(* For all sufficiently large $n$, with $\widetilde{h}$ defined as in the context, $\widetilde{h}(e^{it}) \in \overline{\mathbb{D}}$ for every $t \in [-\pi,\pi]$, where $\overline{\mathbb{D}} = \{z \in \mathbb{C}: |z|\le 1\}$.
   Context: Let $n$ be a positive integer, $a = n^{-2/5}$ and $r = a^{-1/2}$ (floor functions omitted, so $r$ is a positive integer). Let $r_* \in \{1,\dots,r\}$ be such that $\sum_{j=1}^{r_*} \frac{1}{\log^2(j+3)}-\sum_{j=r_*+1}^r \frac{1}{\log^2(j+3)} \in [20,21]$. Let $\epsilon_j = +1$ for $1 \le j \le r_*$ and $\epsilon_j = -1$ for $r_*+1 \le j \le r$. Let $\lambda_a>0$ be such that $\sum_{j=1}^r \frac{\lambda_a}{j^2\log^2(j+3)} = 1$ and set $d_j = \frac{\lambda_a}{j^2\log^2(j+3)}$. Define $\widetilde{h}(z) = \widetilde{\lambda}_a\sum_{j=1}^r \epsilon_j d_j z^j$, where $\widetilde{\lambda}_a>0$ is chosen so that $\widetilde{h}(1) = 1$. $\log$ is the natural logarithm. *)

theory Defs
  imports Complex_Main
begin

text \<open>a = n^(-2/5), r = a^(-1/2) with the omitted floor made explicit.\<close>
definition a_of :: "nat \<Rightarrow> real" where
  "a_of n = real n powr (-2/5)"

definition r_of :: "nat \<Rightarrow> nat" where
  "r_of n = nat \<lfloor>a_of n powr (-1/2)\<rfloor>"

definition lam_a :: "nat \<Rightarrow> real" where
  "lam_a r = 1 / (\<Sum>j=1..r. 1 / (real j ^ 2 * ln (real j + 3) ^ 2))"

definition d_coef :: "nat \<Rightarrow> nat \<Rightarrow> real" where
  "d_coef r j = lam_a r / (real j ^ 2 * ln (real j + 3) ^ 2)"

++++++++++

In full and without alteration, return the listing above.

### Exercise response
(* For all sufficiently large $n$, with $\widetilde{h}$ defined as in the context, $\widetilde{h}(e^{it}) \in \overline{\mathbb{D}}$ for every $t \in [-\pi,\pi]$, where $\overline{\mathbb{D}} = \{z \in \mathbb{C}: |z|\le 1\}$.
   Context: Let $n$ be a positive integer, $a = n^{-2/5}$ and $r = a^{-1/2}$ (floor functions omitted, so $r$ is a positive integer). Let $r_* \in \{1,\dots,r\}$ be such that $\sum_{j=1}^{r_*} \frac{1}{\log^2(j+3)}-\sum_{j=r_*+1}^r \frac{1}{\log^2(j+3)} \in [20,21]$. Let $\epsilon_j = +1$ for $1 \le j \le r_*$ and $\epsilon_j = -1$ for $r_*+1 \le j \le r$. Let $\lambda_a>0$ be such that $\sum_{j=1}^r \frac{\lambda_a}{j^2\log^2(j+3)} = 1$ and set $d_j = \frac{\lambda_a}{j^2\log^2(j+3)}$. Define $\widetilde{h}(z) = \widetilde{\lambda}_a\sum_{j=1}^r \epsilon_j d_j z^j$, where $\widetilde{\lambda}_a>0$ is chosen so that $\widetilde{h}(1) = 1$. $\log$ is the natural logarithm. *)

theory Defs
  imports Complex_Main
begin

text \<open>a = n^(-2/5), r = a^(-1/2) with the omitted floor made explicit.\<close>
definition a_of :: "nat \<Rightarrow> real" where
  "a_of n = real n powr (-2/5)"

definition r_of :: "nat \<Rightarrow> nat" where
  "r_of n = nat \<lfloor>a_of n powr (-1/2)\<rfloor>"

definition lam_a :: "nat \<Rightarrow> real" where
  "lam_a r = 1 / (\<Sum>j=1..r. 1 / (real j ^ 2 * ln (real j + 3) ^ 2))"

definition d_coef :: "nat \<Rightarrow> nat \<Rightarrow> real" where
  "d_coef r j = lam_a r / (real j ^ 2 * ln (real j + 3) ^ 2)"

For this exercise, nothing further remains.